Sec. 38a-88a. Connecticut insurance reinvestment funds, authorized. Tax credits. Regulations.
Sec. 38a-88a. Connecticut insurance reinvestment funds, authorized. Tax
credits. Regulations. (a) As used in this section:
(1) "Facility" means an insurance business facility;
(2) "Insurance business" means a business with a North American Industry Classification System code of 524113 to 524298, inclusive, that is engaged in the business of
insuring risks or of providing services necessary to the business of insuring risks;
(3) "New job" means a job that did not exist in the business of a subject insurance
business in this state prior to the subject insurance business's application to the commissioner for an eligibility certificate under this section for a new facility and that is filled
by a new employee, but does not include a job created when an employee is shifted
from an existing location of the subject insurance business in this state to a new facility;
(4) "New employee" means a person hired by a subject insurance business to fill a
position for a new job or a person shifted from an existing location of the subject insurance business outside this state to a new facility in this state, provided (A) in no case
shall the total number of new employees allowed for purposes of this credit exceed the
total increase in the taxpayer's employment in this state, which increase shall be the
difference between (i) the number of employees employed by the subject insurance
business in this state at the time of application for an eligibility certificate to the commissioner plus the number of new employees who would be eligible for inclusion under
the credit allowed under this section without regard to this calculation, and (ii) the highest
number of employees employed by the subject insurance business in this state in the
year preceding the subject insurance business's application for an eligibility certificate
to the commissioner and (B) a person shall be deemed to be a "new employee" only if
such person's duties in connection with the operation of the facility are on a regular,
full-time, or equivalent thereof, and permanent basis;
(5) "New facility" means a facility which (A) is acquired by, leased to, or constructed by, a subject insurance business on or after the date of the subject insurance
business's application to the commissioner for an eligibility certificate under this section, unless, upon application of the subject insurance business and upon good and
sufficient cause shown, the commissioner waives the requirement that such activity take
place after the application, and (B) was not in service or use during the one-year period
immediately prior to the date of the subject insurance business's application to said
commissioner for an eligibility certificate under this section, unless upon application
of the subject insurance business and upon good and sufficient cause shown, the commissioner consents to waiving the one-year period;
(6) "Related person" means (A) a corporation, limited liability company, partnership, association or trust controlled by the taxpayer or subject insurance business, as
the case may be, (B) an individual, corporation, limited liability company, partnership,
association or trust that is in control of the taxpayer or subject insurance business, as
the case may be, (C) a corporation, limited liability company, partnership, association
or trust controlled by an individual, corporation, limited liability company, partnership,
association or trust that is in control of the taxpayer or subject insurance business, as
the case may be, or (D) a member of the same controlled group as the taxpayer or subject
insurance business, as the case may be.
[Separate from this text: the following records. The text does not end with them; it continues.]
(* For any two $X$-trees $T_1$ and $T_2$, one has $\mathbb{M}(T_1)=\mathbb{M}(T_2)$ if and only if $T_1\simeq T_2$.
   Context: Let $X$ be a finite set with $|X|=n\ge 3$. An $X$-tree is a finite tree $T=(V,E)$ whose set of degree-1 vertices is exactly $X$ and which has no vertices of degree $2$; $T_1\simeq T_2$ means there is a graph isomorphism $T_1\to T_2$ fixing every element of $X$. A cord is a $2$-subset $xy$ of $X$. For each cord $xy$, $\lambda^T_{xy}:\mathbb{R}^E\to\mathbb{R}$, $\omega\mapsto\sum_{e\in E(x|y)}\omega(e)$ where $E(x|y)$ is the edge set of the path from $x$ to $y$. $\mathbb{M}(T)$ is the matroid on ground set $\binom{X}{2}$ represented over $\mathbb{R}$ by $xy\mapsto\lambda^T_{xy}$ (i.e. a set of cords is independent iff the corresponding forms are linearly independent). Equality of matroids means equality of their collections of independent sets on the common ground set $\binom{X}{2}$. *)

theory Defs
  imports Complex_Main
begin

definition is_graph :: "'v set \<Rightarrow> 'v set set \<Rightarrow> bool" where
  "is_graph V E \<longleftrightarrow> finite V \<and> (\<forall>e\<in>E. e \<subseteq> V \<and> card e = 2)"

definition degree :: "'v set set \<Rightarrow> 'v \<Rightarrow> nat" where
  "degree E v = card {e\<in>E. v \<in> e}"

definition is_path :: "'v set \<Rightarrow> 'v set set \<Rightarrow> 'v list \<Rightarrow> bool" where
  "is_path V E p \<longleftrightarrow> p \<noteq> [] \<and> distinct p \<and> set p \<subseteq> V \<and>
     (\<forall>i. Suc i < length p \<longrightarrow> {p ! i, p ! Suc i} \<in> E)"

definition path_edges :: "'v list \<Rightarrow> 'v set set" where
  "path_edges p = {{p ! i, p ! Suc i} | i. Suc i < length p}"

definition is_tree :: "'v set \<Rightarrow> 'v set set \<Rightarrow> bool" where
  "is_tree V E \<longleftrightarrow> is_graph V E \<and> V \<noteq> {} \<and>
     (\<forall>u\<in>V. \<forall>v\<in>V. \<exists>!p. is_path V E p \<and> hd p = u \<and> last p = v)"

definition is_X_tree :: "'v set \<Rightarrow> 'v set \<Rightarrow> 'v set set \<Rightarrow> bool" where
  "is_X_tree X V E \<longleftrightarrow> is_tree V E \<and> X \<subseteq> V \<and> {v\<in>V. degree E v = 1} = X \<and>
     (\<forall>v\<in>V. degree E v \<noteq> 2)"

definition X_iso :: "'v set \<Rightarrow> 'v set \<Rightarrow> 'v set set \<Rightarrow> 'v set \<Rightarrow> 'v set set \<Rightarrow> bool" where
  "X_iso X V1 E1 V2 E2 \<longleftrightarrow> (\<exists>f. bij_betw f V1 V2 \<and>
     (\<forall>u\<in>V1. \<forall>v\<in>V1. {u, v} \<in> E1 \<longleftrightarrow> {f u, f v} \<in> E2) \<and> (\<forall>x\<in>X. f x = x))"

definition cords :: "'v set \<Rightarrow> 'v set set" where
  "cords X = {{x, y} | x y. x \<in> X \<and> y \<in> X \<and> x \<noteq> y}"

definition cord_edges :: "'v set \<Rightarrow> 'v set set \<Rightarrow> 'v set \<Rightarrow> 'v set set" where
  "cord_edges V E c = \<Union>{path_edges p | p. is_path V E p \<and> {hd p, last p} = c}"

text \<open>The linear form lambda_c on R^E (weights outside E are irrelevant).\<close>
definition lam :: "'v set \<Rightarrow> 'v set set \<Rightarrow> 'v set \<Rightarrow> ('v set \<Rightarrow> real) \<Rightarrow> real" where
  "lam V E c \<omega> = (\<Sum>e\<in>cord_edges V E c. \<omega> e)"

definition lin_indep_cords :: "'v set \<Rightarrow> 'v set set \<Rightarrow> 'v set set \<Rightarrow> bool" where
  "lin_indep_cords V E S \<longleftrightarrow> finite S \<and>
     (\<forall>a :: 'v set \<Rightarrow> real. (\<forall>\<omega>. (\<Sum>c\<in>S. a c * lam V E c \<omega>) = 0) \<longrightarrow> (\<forall>c\<in>S. a c = 0))"

definition M_indep :: "'v set \<Rightarrow> 'v set \<Rightarrow> 'v set set \<Rightarrow> 'v set set set" where
  "M_indep X V E = {S. S \<subseteq> cords X \<and> lin_indep_cords V E S}"

end

theory Submission
  imports Defs
begin

text \<open>
  Label each vertex v by the set of leaf pairs (a, b)
  whose path passes through v. These labels are injective, and u, v are adjacent iff no third
  vertex has a label containing the intersection of theirs, so the labels determine the tree up
  to an isomorphism fixing X. Every internal vertex is the median of three leaves x, y, z, and
  whether that median lies on the path from a to b depends only on which paths between leaves are
  edge-disjoint. Edge-disjointness is visible in the matroid: for distinct leaves a, b, c, d the
  cords ac, bd, ad, bc are dependent iff the paths a-b and c-d share no edge, in which case
  lambda_ac + lambda_bd = lambda_ad + lambda_bc. Conversely an isomorphism fixing X maps paths
  to paths and hence transports every lambda_c.
\<close>

section \<open>Paths, isomorphisms and the forms lambda\<close>

lemma is_path_iff_successively:
  "is_path V E p \<longleftrightarrow> p \<noteq> [] \<and> distinct p \<and> set p \<subseteq> V \<and> successively (\<lambda>x y. {x,y} \<in> E) p"
  unfolding is_path_def successively_conv_nth by simp

lemma is_path_rev: assumes "is_path V E p" shows "is_path V E (rev p)"
proof -
  have swap: "(\<lambda>x y. {y,x} \<in> E) = (\<lambda>x y. {x,y} \<in> E)" by (intro ext) (simp add: insert_commute)
  show ?thesis using assms unfolding is_path_iff_successively successively_rev swap by simp
qed

lemma is_path_take:
  assumes "is_path V E p" "k < length p" shows "is_path V E (take (Suc k) p)"
proof -
  have "successively (\<lambda>x y. {x,y} \<in> E) (take (Suc k) p @ drop (Suc k) p)"
    using assms(1) unfolding is_path_iff_successively by simp
  then have "successively (\<lambda>x y. {x,y} \<in> E) (take (Suc k) p)"
    unfolding successively_append_iff by blast
  moreover have "take (Suc k) p \<noteq> []" using assms(2) by (cases p) auto
  ultimately show ?thesis
    using assms(1) set_take_subset[of "Suc k" p] unfolding is_path_iff_successively by auto
qed

lemma is_path_drop:
  assumes "is_path V E p" "k < length p" shows "is_path V E (drop k p)"
proof -
  have "successively (\<lambda>x y. {x,y} \<in> E) (take k p @ drop k p)"
    using assms(1) unfolding is_path_iff_successively by simp
  then show ?thesis
    using assms set_drop_subset[of k p]
    unfolding is_path_iff_successively successively_append_iff by auto
qed

lemma is_path_append:
  assumes "is_path V E p" "is_path V E q" "{last p, hd q} \<in> E" "set p \<inter> set q = {}"
  shows "is_path V E (p @ q)"
  using assms unfolding is_path_iff_successively successively_append_iff by auto

lemma is_path_map:
  assumes "inj_on f V" "f ` V \<subseteq> V'" "\<And>u v. u \<in> V \<Longrightarrow> v \<in> V \<Longrightarrow> {u,v} \<in> E \<Longrightarrow> {f u, f v} \<in> E'"
    and "is_path V E p"
  shows "is_path V' E' (map f p)"
proof -
  have p: "p \<noteq> []" "distinct p" "set p \<subseteq> V" "successively (\<lambda>x y. {x,y} \<in> E) p"
    using assms(4) unfolding is_path_iff_successively by auto
  have "successively (\<lambda>x y. {x,y} \<in> E') (map f p)"
    unfolding successively_map
  proof (rule successively_mono[OF p(4)])
    fix x y assume "x \<in> set p" "y \<in> set p" "{x,y} \<in> E"
    then show "{f x, f y} \<in> E'" using assms(3) p(3) by blast
  qed
  then show ?thesis
    using p assms(1,2) inj_on_subset unfolding is_path_iff_successively by (auto simp: distinct_map)
qed

lemma path_edges_map: "path_edges (map f p) = image f ` path_edges p"
proof -
  have eq: "{map f p ! i, map f p ! Suc i} = f ` {p ! i, p ! Suc i}" if "Suc i < length p" for i
    using that by simp
  show ?thesis
  proof (rule set_eqI, rule iffI)
    fix e assume "e \<in> path_edges (map f p)"
    then obtain i where "Suc i < length p" "e = {map f p ! i, map f p ! Suc i}"
      unfolding path_edges_def by auto
    then show "e \<in> image f ` path_edges p" unfolding path_edges_def using eq by blast
  next
    fix e assume "e \<in> image f ` path_edges p"
    then obtain i where "Suc i < length p" "e = f ` {p ! i, p ! Suc i}"
      unfolding path_edges_def by auto
    then show "e \<in> path_edges (map f p)" unfolding path_edges_def using eq[symmetric] by fastforce
  qed
qed

lemma cord_edges_subset_Pow: "cord_edges V E c \<subseteq> Pow V"
  unfolding cord_edges_def path_edges_def is_path_def by fastforce

definition X_isomorphism :: "'v set \<Rightarrow> 'v set \<Rightarrow> 'v set set \<Rightarrow> 'v set \<Rightarrow> 'v set set \<Rightarrow> ('v \<Rightarrow> 'v) \<Rightarrow> bool"
  where "X_isomorphism X V1 E1 V2 E2 f \<longleftrightarrow> bij_betw f V1 V2 \<and>
     (\<forall>u\<in>V1. \<forall>v\<in>V1. {u, v} \<in> E1 \<longleftrightarrow> {f u, f v} \<in> E2) \<and> (\<forall>x\<in>X. f x = x)"

lemma X_iso_iff: "X_iso X V1 E1 V2 E2 \<longleftrightarrow> (\<exists>f. X_isomorphism X V1 E1 V2 E2 f)"
  unfolding X_iso_def X_isomorphism_def ..

lemma X_isomorphism_inv:
  assumes f: "X_isomorphism X V1 E1 V2 E2 f" and "X \<subseteq> V1"
  shows "X_isomorphism X V2 E2 V1 E1 (inv_into V1 f)"
proof -
  have bij: "bij_betw f V1 V2" and edges: "\<forall>u\<in>V1. \<forall>v\<in>V1. {u,v} \<in> E1 \<longleftrightarrow> {f u, f v} \<in> E2"
    and fX: "\<forall>x\<in>X. f x = x"
    using f unfolding X_isomorphism_def by auto
  have "inv_into V1 f x = x" if "x \<in> X" for x
    using that fX assms(2) bij_betw_inv_into_left[OF bij] by (metis subsetD)
  moreover have "{u,v} \<in> E2 \<longleftrightarrow> {inv_into V1 f u, inv_into V1 f v} \<in> E1" if "u \<in> V2" "v \<in> V2" for u v
    using that edges bij_betw_inv_into_right[OF bij] bij_betw_apply[OF bij_betw_inv_into[OF bij]]
    by metis
  ultimately show ?thesis
    unfolding X_isomorphism_def using bij_betw_inv_into[OF bij] by blast
qed

lemma cord_edges_image_subset:
  assumes f: "X_isomorphism X V1 E1 V2 E2 f" and "c \<subseteq> X"
  shows "image f ` cord_edges V1 E1 c \<subseteq> cord_edges V2 E2 c"
proof
  fix e' assume "e' \<in> image f ` cord_edges V1 E1 c"
  then obtain p e where p: "is_path V1 E1 p" "{hd p, last p} = c" and e: "e \<in> path_edges p" "e' = f ` e"
    unfolding cord_edges_def by blast
  have bij: "bij_betw f V1 V2"
    using f unfolding X_isomorphism_def by blast
  have fp: "is_path V2 E2 (map f p)"
    using f bij_betw_imp_inj_on[OF bij] bij_betw_imp_surj_on[OF bij]
    by (intro is_path_map[OF _ _ _ p(1)]) (auto simp: X_isomorphism_def)
  have "p \<noteq> []" using p(1) unfolding is_path_def by simp
  then have "{hd (map f p), last (map f p)} = c"
    using p(2) assms(2) f unfolding X_isomorphism_def by (auto simp: hd_map last_map)
  moreover have "e' \<in> path_edges (map f p)"
    unfolding path_edges_map using e by blast
  ultimately show "e' \<in> cord_edges V2 E2 c"
    unfolding cord_edges_def using fp by blast
qed

lemma lam_X_isomorphism:
  assumes f: "X_isomorphism X V1 E1 V2 E2 f" and "X \<subseteq> V1" "c \<subseteq> X"
  shows "lam V2 E2 c \<omega> = lam V1 E1 c (\<lambda>e. \<omega> (f ` e))"
proof -
  let ?g = "inv_into V1 f"
  have bij: "bij_betw f V1 V2" using f unfolding X_isomorphism_def by blast
  have inj: "inj_on (image f) (cord_edges V1 E1 c)"
  proof (rule inj_onI)
    fix e e' assume "e \<in> cord_edges V1 E1 c" "e' \<in> cord_edges V1 E1 c" "f ` e = f ` e'"
    then show "e = e'"
      using inj_on_image_eq_iff[OF bij_betw_imp_inj_on[OF bij]] cord_edges_subset_Pow[of V1 E1 c]
      by (metis PowD subsetD)
  qed
  have "e \<in> image f ` cord_edges V1 E1 c" if e: "e \<in> cord_edges V2 E2 c" for e
  proof -
    have "e \<subseteq> V2" using e cord_edges_subset_Pow by blast
    then have "e = f ` ?g ` e"
      unfolding image_image using bij_betw_inv_into_right[OF bij] by (simp add: subset_iff)
    moreover have "?g ` e \<in> cord_edges V1 E1 c"
      using cord_edges_image_subset[OF X_isomorphism_inv[OF f assms(2)] assms(3)] e by blast
    ultimately show ?thesis by blast
  qed
  then have "cord_edges V2 E2 c = image f ` cord_edges V1 E1 c"
    using cord_edges_image_subset[OF f assms(3)] by blast
  then show ?thesis
    unfolding lam_def by (simp add: sum.reindex[OF inj])
qed

lemma lin_indep_cords_transfer:
  assumes "lin_indep_cords V' E' S" and "\<And>c \<omega>. c \<in> S \<Longrightarrow> lam V' E' c \<omega> = lam V E c (T \<omega>)"
  shows "lin_indep_cords V E S"
  unfolding lin_indep_cords_def
proof (intro conjI allI impI)
  show "finite S" using assms(1) unfolding lin_indep_cords_def by blast
  fix a :: "'a set \<Rightarrow> real" assume dep: "\<forall>\<omega>. (\<Sum>c\<in>S. a c * lam V E c \<omega>) = 0"
  have "(\<Sum>c\<in>S. a c * lam V' E' c \<omega>) = (\<Sum>c\<in>S. a c * lam V E c (T \<omega>))" for \<omega>
    by (rule sum.cong) (simp_all add: assms(2))
  then have "(\<Sum>c\<in>S. a c * lam V' E' c \<omega>) = 0" for \<omega>
    using dep by simp
  then show "\<forall>c\<in>S. a c = 0" using assms(1) unfolding lin_indep_cords_def by blast
qed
For purposes of this section, "control", with
respect to a corporation, means ownership, directly or indirectly, of stock possessing
fifty per cent or more of the total combined voting power of all classes of the stock of
such corporation entitled to vote. "Control", with respect to a trust, means ownership,
directly or indirectly, of fifty per cent or more of the beneficial interest in the principal
or income of such trust. The ownership of stock in a corporation, of a capital or profits
interest in a partnership or association or of a beneficial interest in a trust shall be determined in accordance with the rules for constructive ownership of stock provided in
Section 267(c) of the Internal Revenue Code of 1986, or any subsequent corresponding
internal revenue code of the United States, as from time to time amended, other than
paragraph (3) of such section;
(7) "Moneys of the taxpayer" means all amounts invested in a fund, directly or
indirectly, on behalf of a taxpayer, including but not limited to (A) direct investments
made by the taxpayer, and (B) loans made to the fund for the benefit of the taxpayer
which loans are guaranteed by the taxpayer, provided no amounts represented by any
such loan shall be used for the purpose of obtaining any tax credit by any person making
such loan against any tax levied by this state;
(8) "Income year" means (A) with respect to corporations subject to taxation under
chapter 208, the income year as determined under said chapter, (B) with respect to
insurance companies, hospital and medical services corporations subject to taxation
under chapter 207, the income year as determined under said chapter, and (C) with
respect to taxpayers subject to taxation under chapter 229, the taxable year determined
under said chapter;
(9) "Taxpayer" means any person as defined in section 12-1, whether or not subject
to any taxes levied by this state; and
(10) "Commissioner" means the Commissioner of Economic and Community Development.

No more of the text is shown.